I have a Dataset<Row> which contains six columns in it, like below:

 +---------------+---------------+----------------+-------+--------------+--------+
 |  time         | thingId       |     controller | module| variableName |  value |
 +---------------+---------------+----------------+-------+--------------+--------+
 |1554188264901  |  0002019000000|        0       | 0     |Voltage       |    5   |
 |1554188264901  |  0002019000000|        0       | 0     |SetPoint      |    7   |
 |1554188276412  |  0002019000000|        0       | 0     |Voltage       |    9   |
 |1554188276412  |  0002019000000|        0       | 0     |SetPoint      |    10  |  
 |1554188639406  |  0002019000000|        0       | 0     |SetPoint      |    6   |
 +---------------+---------------+----------------+-------+--------------+--------+

End Goal:

Getting the last updated row based on MAX(time), for the combination of thingId, controller, module and variableName.

so the required output should have MAX(time) in all the rows, and last_updatedValue for rest of the variableName values.

 +---------------+---------------+----------------+-------+--------------+--------+
 |  time         | thingId       |     controller | module| variableName |  value |
 +---------------+---------------+----------------+-------+--------------+--------+
 |1554188639406  |  0002019000000|        0       | 0     |SetPoint      |    6   |
 +---------------+---------------+----------------+-------+--------------+--------+

and the column variableName has two values ('Voltage' and 'SetPoint') for this particular thingId, controller and module so for the value Voltage in column variableName it should return last updated row for the value Voltage with MAX(time).
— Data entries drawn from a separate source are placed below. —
(* Let $\Delta$ be a finite, flag, simply connected simplicial complex, with $\mathcal{P}_H$, $q$, $T$, $p_n$, $L$ and $\Phi_n$ as in the context. Then for all $e\in\mathrm{Edge}(\Delta)$ and all $n\in\mathbb{Z}$, $\mathrm{Area}_{\mathcal{P}_H}\big(\Phi_n(e\overline{e})\big)\le(2L+1)|n|+1$.
   Context: $\mathrm{Edge}(\Delta)$ is the set of directed edges of $\Delta$; for $e$ in it, $\iota e$, $\tau e$ are its initial and terminal vertices and $\overline{e}$ is the reversed edge. $e_1\cdot\ldots\cdot e_l$ is a combinatorial path if $\tau e_i=\iota e_{i+1}$, and a combinatorial 1-cycle if also $\tau e_l=\iota e_1$. $\mathcal{P}_H=\langle\mathrm{Edge}(\Delta)\mid\mathcal{R}_H\rangle$ where $\mathcal{R}_H$ consists of the words $e\overline{e}$ ($e\in\mathrm{Edge}(\Delta)$) and $efg$, $e^{-1}f^{-1}g^{-1}$ for every combinatorial 1-cycle $e\cdot f\cdot g$ (a finite presentation of the Bestvina–Brady group $H_\Delta$). For a word $w$ over $\mathrm{Edge}(\Delta)^{\pm1}$ representing the identity, $\mathrm{Area}_{\mathcal{P}_H}(w)$ is the least $m$ such that $w$ is freely equal to $\prod_{i=1}^m x_ir_ix_i^{-1}$ with $r_i\in\mathcal{R}_H^{\pm1}$. For a letter $e$ and $m\in\mathbb{Z}$, $e^m$ denotes the word of $m$ copies of $e$ if $m\ge0$ and $|m|$ copies of $e^{-1}$ if $m<0$. Fix a vertex $q$ and a spanning tree $T$ of the 1-skeleton of $\Delta$; $p_n(u,v)=e_1^n\cdots e_l^n$ where $e_1\cdot\ldots\cdot e_l$ is the unique geodesic combinatorial path in $T$ from $u$ to $v$. $L$ is the maximum, over pairs of vertices $u,v$, of the edge-path distance between $u$ and $v$ in $T$. For $n\in\mathbb{Z}$, $\Phi_n$ is the endomorphism of the free monoid on $\mathrm{Edge}(\Delta)^{\pm1}$ given by $\Phi_n(e)=p_n(q,\iota e)\,e^{n+1}\,p_n(\tau e,q)$ and $\Phi_n(e^{-1})=\Phi_n(e)^{-1}$ (formal inverse word). *)

theory Defs
  imports "HOL-Analysis.Analysis"
begin

definition abs_simplicial_complex :: "'v set set \<Rightarrow> bool" where
  "abs_simplicial_complex \<Delta> \<longleftrightarrow>
     (\<forall>\<sigma>\<in>\<Delta>. finite \<sigma> \<and> \<sigma> \<noteq> {}) \<and>
     (\<forall>\<sigma>\<in>\<Delta>. \<forall>\<tau>. \<tau> \<subseteq> \<sigma> \<and> \<tau> \<noteq> {} \<longrightarrow> \<tau> \<in> \<Delta>)"

definition vertices :: "'v set set \<Rightarrow> 'v set" where
  "vertices \<Delta> = \<Union>\<Delta>"

definition flag :: "'v set set \<Rightarrow> bool" where
  "flag \<Delta> \<longleftrightarrow>
     (\<forall>S. finite S \<and> S \<noteq> {} \<and> S \<subseteq> vertices \<Delta> \<and>
          (\<forall>u\<in>S. \<forall>v\<in>S. u \<noteq> v \<longrightarrow> {u, v} \<in> \<Delta>) \<longrightarrow> S \<in> \<Delta>)"

text \<open>Geometric realization, as the set of barycentric coordinate functions
  (nonnegative, summing to 1, with support a simplex) inside the product space
  of functions from vertices to reals.\<close>
definition geom_realization :: "'v set set \<Rightarrow> ('v \<Rightarrow> real) set" where
  "geom_realization \<Delta> =
     {x. (\<forall>v. 0 \<le> x v) \<and> {v. x v \<noteq> 0} \<in> \<Delta> \<and> sum x {v. x v \<noteq> 0} = 1}"

definition Edge :: "'v set set \<Rightarrow> ('v \<times> 'v) set" where
  "Edge \<Delta> = {(u, v). u \<noteq> v \<and> {u, v} \<in> \<Delta>}"

abbreviation iota :: "'v \<times> 'v \<Rightarrow> 'v" where "iota e \<equiv> fst e"
abbreviation tau :: "'v \<times> 'v \<Rightarrow> 'v" where "tau e \<equiv> snd e"
definition rev_edge :: "'v \<times> 'v \<Rightarrow> 'v \<times> 'v" where
  "rev_edge e = (snd e, fst e)"

fun comb_path :: "('v \<times> 'v) set \<Rightarrow> 'v \<Rightarrow> 'v \<Rightarrow> ('v \<times> 'v) list \<Rightarrow> bool" where
  "comb_path E u v [] \<longleftrightarrow> u = v"
| "comb_path E u v (e # es) \<longleftrightarrow> e \<in> E \<and> iota e = u \<and> comb_path E (tau e) v es"

definition comb_1cycle3 :: "'v set set \<Rightarrow> ('v \<times> 'v) \<Rightarrow> ('v \<times> 'v) \<Rightarrow> ('v \<times> 'v) \<Rightarrow> bool" where
  "comb_1cycle3 \<Delta> e f g \<longleftrightarrow> e \<in> Edge \<Delta> \<and> f \<in> Edge \<Delta> \<and> g \<in> Edge \<Delta> \<and>
     tau e = iota f \<and> tau f = iota g \<and> tau g = iota e"

definition tree_edges :: "'v set set \<Rightarrow> ('v \<times> 'v) set" where
  "tree_edges T = {(u, v). u \<noteq> v \<and> {u, v} \<in> T}"

definition spanning_tree :: "'v set set \<Rightarrow> 'v set set \<Rightarrow> bool" where
  "spanning_tree \<Delta> T \<longleftrightarrow>
     T \<subseteq> {{u, v} | u v. u \<noteq> v \<and> {u, v} \<in> \<Delta>} \<and>
     (\<forall>u\<in>vertices \<Delta>. \<forall>v\<in>vertices \<Delta>. \<exists>es. comb_path (tree_edges T) u v es) \<and>
     \<not> (\<exists>vs. length vs \<ge> 3 \<and> distinct vs \<and>
           (\<forall>i < length vs. {vs ! i, vs ! ((i + 1) mod length vs)} \<in> T))"

definition tree_geodesic :: "'v set set \<Rightarrow> 'v \<Rightarrow> 'v \<Rightarrow> ('v \<times> 'v) list" where
  "tree_geodesic T u v =
     (THE es. comb_path (tree_edges T) u v es \<and>
        (\<forall>es'. comb_path (tree_edges T) u v es' \<longrightarrow> length es \<le> length es'))"

definition tree_L :: "'v set set \<Rightarrow> 'v set set \<Rightarrow> nat" where
  "tree_L \<Delta> T = Max {length (tree_geodesic T u v) | u v. u \<in> vertices \<Delta> \<and> v \<in> vertices \<Delta>}"

text \<open>A letter is a pair (e, b); b = True means the formal inverse e^{-1}.\<close>
type_synonym 'v letter = "('v \<times> 'v) \<times> bool"
type_synonym 'v word = "'v letter list"

definition inv_letter :: "'v letter \<Rightarrow> 'v letter" where
  "inv_letter a = (fst a, \<not> snd a)"

definition inv_word :: "'v word \<Rightarrow> 'v word" where
  "inv_word w = rev (map inv_letter w)"

definition free_red_step :: "'v word \<Rightarrow> 'v word \<Rightarrow> bool" where
  "free_red_step w w' \<longleftrightarrow> (\<exists>xs ys a. w = xs @ [a, inv_letter a] @ ys \<and> w' = xs @ ys)"

definition freely_equal :: "'v word \<Rightarrow> 'v word \<Rightarrow> bool" where
  "freely_equal = (symclp free_red_step)\<^sup>*\<^sup>*"

definition word_over :: "'v set set \<Rightarrow> 'v word \<Rightarrow> bool" where
  "word_over \<Delta> w \<longleftrightarrow> (\<forall>a\<in>set w. fst a \<in> Edge \<Delta>)"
like below, Expected Output:

 +---------------+---------------+----------------+-------+--------------+--------+
 |  time         | thingId       |     controller | module| variableName |  value |
 +---------------+---------------+----------------+-------+--------------+--------+
 |1554188276412  |  0002019000000|        0       | 0     |Voltage       |    9   |
 |1554188639406  |  0002019000000|        0       | 0     |SetPoint      |    6   |
 +---------------+---------------+----------------+-------+--------------+--------+

What I tried:

I tried Scalar sub-query to get this, but the column inside sub-query should have been aggregated, I tried in multiple ways with no luck.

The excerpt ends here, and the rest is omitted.